Cobb v. Stephens et al
ORDER TO STAY PROCEEDINGS. (Signed by Magistrate Judge B Janice Ellington) Parties notified.(mserpa, 2)
United States District Court
Southern District of Texas
UNITED STATES DISTRICT COURT
SOUTHERN DISTRICT OF TEXAS
CORPUS CHRISTI DIVISION
LORIE DAVIS, et al,
March 09, 2017
David J. Bradley, Clerk
CIVIL ACTION NO. 2:14-CV-22
ORDER TO STAY PROCEEDINGS
Pending in this case is Defendants Lorie Davis's and Cliff Morris's supplemental
motion for summary judgment (D.E. 28) which incorporated their original motion for
summary judgment (D.E. 15). Plaintiff has responded to both motions (D.E. 27, 29).
This case was stayed pending resolution of similar issues by the Fifth Circuit in
the appeal of Davis v. Pierce, No. 2:12-CV-166, 2014 WL 798033 (S.D. Tex. 2014). On
June 14, 2016, the Fifth Circuit affirmed in part and vacated and remanded in part this
Court's decision in Davis v. Pierce. See Davis v. Davis, 826 F.3d 258 (5th Cir. 2016).

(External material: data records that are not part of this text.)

(* Let $P,Q$ be probability measures on $(\Omega,\mathcal{M})$ and $\tau:\Omega\to[0,\infty]$ measurable. Then (1) $$\log\Big[\int\tau\,dQ\Big]\le\inf_{c>1}\Big\{\frac1c\log\Big[\int\tau^c\,dP\Big]+\frac{1}{c-1}R_{c/(c-1)}(Q\|P)\Big\},$$ with the convention $-\infty+\infty=\infty$; (2) $$\log\Big[\int\tau\,dQ\Big]\ge\sup_{c<1,\,c\ne0}\Big\{\frac1c\log\Big[\int\tau^c\,dP\Big]-\frac{1}{1-c}R_{1/(1-c)}(P\|Q)\Big\},$$ with the convention $\infty-\infty=-\infty$.
   Context: Powers of extended nonnegative reals are $\tau^c=\exp(c\log\tau)$, using the continuous extensions of $\exp$ and $\log$ to the extended reals. Rényi divergence: let $\nu$ be a $\sigma$-finite positive measure with $dP=p\,d\nu$, $dQ=q\,d\nu$. For $\alpha\in(0,1)$, $R_\alpha(Q\|P)=\frac{1}{\alpha(\alpha-1)}\log\int_{p>0}q^\alpha p^{1-\alpha}\,d\nu$; for $\alpha>1$, the same formula if $Q\ll P$ and $R_\alpha(Q\|P)=+\infty$ if $Q\not\ll P$; for $\alpha<0$, $R_\alpha(Q\|P)=R_{1-\alpha}(P\|Q)$. *)

theory Defs
  imports "HOL-Probability.Probability"
begin

definition elog :: "ennreal \<Rightarrow> ereal" where
  "elog x = (if x = 0 then -\<infinity> else if x = \<infinity> then \<infinity> else ereal (ln (enn2real x)))"

definition eexp :: "ereal \<Rightarrow> ennreal" where
  "eexp y = (case y of ereal r \<Rightarrow> ennreal (exp r) | PInfty \<Rightarrow> \<infinity> | MInfty \<Rightarrow> 0)"

definition epow :: "ennreal \<Rightarrow> real \<Rightarrow> ennreal" where
  "epow t c = eexp (ereal c * elog t)"

text \<open>Renyi divergence R_alpha(Q||P) for orders alpha > 0, alpha \<noteq> 1, where
  dQ = q d\<nu> and dP = p d\<nu>.  (The case alpha < 0 is R_alpha(Q||P) = R_{1-alpha}(P||Q).)\<close>
definition renyi_pos :: "'a measure \<Rightarrow> ('a \<Rightarrow> ennreal) \<Rightarrow> ('a \<Rightarrow> ennreal) \<Rightarrow> real \<Rightarrow> ereal" where
  "renyi_pos \<nu> q p \<alpha> =
     (if \<alpha> > 1 \<and> \<not> absolutely_continuous (density \<nu> p) (density \<nu> q) then \<infinity>
      else ereal (1 / (\<alpha> * (\<alpha> - 1))) *
             elog (\<integral>\<^sup>+ x. (if p x > 0 then epow (q x) \<alpha> * epow (p x) (1 - \<alpha>) else 0) \<partial>\<nu>))"

definition renyi :: "'a measure \<Rightarrow> ('a \<Rightarrow> ennreal) \<Rightarrow> ('a \<Rightarrow> ennreal) \<Rightarrow> real \<Rightarrow> ereal" where
  "renyi \<nu> q p \<alpha> = (if \<alpha> < 0 then renyi_pos \<nu> p q (1 - \<alpha>) else renyi_pos \<nu> q p \<alpha>)"

definition minus_conv :: "ereal \<Rightarrow> ereal \<Rightarrow> ereal" where
  "minus_conv a b = (if a = \<infinity> \<and> b = \<infinity> then -\<infinity> else a - b)"

end

theory Submission
  imports Defs
begin
lemma positive_instance_exchange:
  assumes dg: "digraph V A" and e: "(xj, u) \<in> R_t V A t" and e': "(xi, u) \<in> R_t V A t"
    and xij: "xi \<noteq> xj" and dom: "dominates V A s xi xj"
    and pos: "positive_instance V A s t k"
  shows "positive_instance V (A - {(xj, u)}) s t k"
proof -
  obtain Tp Tm where ob: "out_branching V A s Tp" and ib: "in_branching V A t Tm"
    and k: "int (card (Tp - Tm)) \<ge> k"
    using pos unfolding positive_instance_def by blast
  have "(xj, u) \<notin> Tm" "(xi, u) \<notin> Tm" using e e' ib unfolding R_t_def by blast+
  then have ib': "in_branching V (A - {(xj, u)}) t Tm" using ib unfolding in_branching_def by blast
  show ?thesis
  proof (cases "(xj, u) \<in> Tp")
    case False
    then have "out_branching V (A - {(xj, u)}) s Tp" using ob unfolding out_branching_def by blast
    then show ?thesis using ib' k unfolding positive_instance_def by blast
  next
    case True
    define Tp' where "Tp' = insert (xi, u) (Tp - {(xj, u)})"
    have "xj \<in> V" using e dg unfolding R_t_def digraph_def by auto
    then have "(xi, xj) \<in> Tp\<^sup>*" using out_branching_ancestor_if_dominates[OF ob dom] by blast
    have not_ancestor: "(u, xi) \<notin> Tp\<^sup>*"
    proof
      assume "(u, xi) \<in> Tp\<^sup>*"
      then have "(u, xj) \<in> Tp\<^sup>*" using \<open>(xi, xj) \<in> Tp\<^sup>*\<close> by (rule rtrancl_trans)
      then have "(u, u) \<in> Tp\<^sup>+" using True by (rule rtrancl_into_trancl1)
      then show False using out_branching_acyclic[OF ob] by blast
    qed
    have e'A: "(xi, u) \<in> A" using e' unfolding R_t_def by blast
    have ob': "out_branching V (A - {(xj, u)}) s Tp'"
      using out_branching_exchange[OF ob dg True e'A xij not_ancestor] unfolding Tp'_def .
    have "(xi, u) \<notin> Tp" using out_branching_in_arc_unique[OF ob True] xij by blast
    moreover have "Tp \<subseteq> V \<times> V" "finite V" using ob unfolding out_branching_def oriented_tree_def by auto
    then have "finite Tp" using finite_subset by blast
    moreover have "Tp' - Tm = insert (xi, u) ((Tp - Tm) - {(xj, u)})"
      using \<open>(xi, u) \<notin> Tm\<close> unfolding Tp'_def by auto
    ultimately have "card (Tp' - Tm) = Suc (card ((Tp - Tm) - {(xj, u)}))" by simp
    also have "\<dots> = card (Tp - Tm)"
      using card_Suc_Diff1[of "Tp - Tm" "(xj, u)"] \<open>finite Tp\<close> True \<open>(xj, u) \<notin> Tm\<close> by simp
    finally have "card (Tp' - Tm) = card (Tp - Tm)" .
    then show ?thesis using ob' ib' k unfolding positive_instance_def by (metis (no_types))
  qed
qed

theorem lemma15:
  fixes V :: "'a set" and A :: "('a \<times> 'a) set" and s t u :: 'a and k :: int
    and N :: "'a set" and par :: "'a \<Rightarrow> 'a" and B :: "'a \<Rightarrow> 'a set"
    and xs :: "'a list" and i j :: nat
  assumes "digraph V A" and "s \<in> V" and "t \<in> V"
    and "reduced_instance V A s t"
    and "cut_decomp V A s N par B"
    and "degenerate_path N par B s xs"
    and "i < j" and "j < length xs"
    and "(xs ! i, u) \<in> Aplus A N par B s xs \<inter> R_t V A t"
    and "(xs ! j, u) \<in> Aplus A N par B s xs \<inter> R_t V A t"
  shows "positive_instance V A s t k \<longleftrightarrow> positive_instance V (A - {(xs ! j, u)}) s t k"
proof -
  have AV: "A \<subseteq> V \<times> V" using assms(1) unfolding digraph_def by blast
  have chain: "\<forall>k. Suc k < length xs \<longrightarrow> (xs ! k, xs ! Suc k) \<in> tree_edges N par s"
    using assms(6) unfolding degenerate_path_def by blast
  have "xs ! i \<noteq> xs ! j" using tree_chain_nth_distinct[OF assms(5) AV chain assms(7,8)] .
  moreover have "dominates V A s (xs ! i) (xs ! j)"
    using tree_chain_dominates[OF assms(5) AV chain] assms(7,8) by simp
  moreover have "(xs ! i, u) \<in> R_t V A t" "(xs ! j, u) \<in> R_t V A t" using assms(9,10) by blast+
  ultimately show ?thesis
    using positive_instance_exchange[OF assms(1)]
      positive_instance_mono[of V "A - {(xs ! j, u)}" s t k A] by blast
qed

The stay in the instant case was lifted on July 26, 2016 and Plaintiff was ordered to show
cause why judgment should not be entered against him as to his First Amendment claims
for monetary relief against Defendant Cliff Morris in his individual capacity, as well as
his RLUIPA claims that he should be permitted to smoke a personal prayer pipe and
carry his medicine bag at all times (D.E. 23). In addition, an August 29, 2016 deadline
was set for filing supplemental motions for summary judgment and responses were due
by September 23, 2016 (Id.). The parties have provided briefing as directed (D.E. 27, 28,
In Davis, the Fifth Circuit vacated the part of this Court's order denying inmates
the right to wear long hair or a kouplock for religious reasons. Davis, 826 F.3d at 272.
In particular, the Fifth Circuit ordered this Court to evaluate the admissibility of expert
testimony that had been presented in another case on the same issue of whether inmates
should be allowed to wear long hair or a kouplock for religious reasons. Id. (referring to
Odneal v. Pierce, C.A. No. C-04-454, 2011 WL 2678940 at *1 (S.D. Tex. July 7, 2011)
(Odneal III)). The Fifth Circuit also ordered this court to consider the plaintiffs' specific,
individual status as low custody inmates in relation to their theory that the grooming
restrictions were unnecessarily applied to them in light of Holt v. Hobbs, 135 S.Ct. 853,
863 (2015). Id. at 270. The Fifth Circuit affirmed this Court's granting of summary
judgment on Davis's First Amendment claim, his medicine-bag RLUIPA claim and his
pipe-ceremony RLUIPA claim. Id. at 265-266.
This Court has considered the instructions of the Fifth Circuit and entered a new
order in the Davis case. See D.E. 231 in Davis v. Davis, No. 2:12-cv-166 (filed March 7,
2017). This Court concluded that the TDCJ grooming policy requiring short hair places a
substantial burden on the exercise of the plaintiffs' religious rights. In addition, the
plaintiffs established a fact issue as to whether TDCJ's grooming policy is the least
restrictive means of maintaining institutional security without added significant cost to
TDCJ. This Court withdrew the granting of summary judgment for the defendants on the
RLUIPA grooming claim and denied it. This Court also recommended that the Fifth
Circuit remand this case for trial. Id.
The issues in the instant case are precisely the same as those being addressed in
Davis. In light of the Davis case being sent back to the Fifth Circuit, the instant case will
be stayed once again until the Fifth Circuit has an opportunity to rule on the remanded
issues in the Davis case.
ORDERED this 9th day of March, 2017.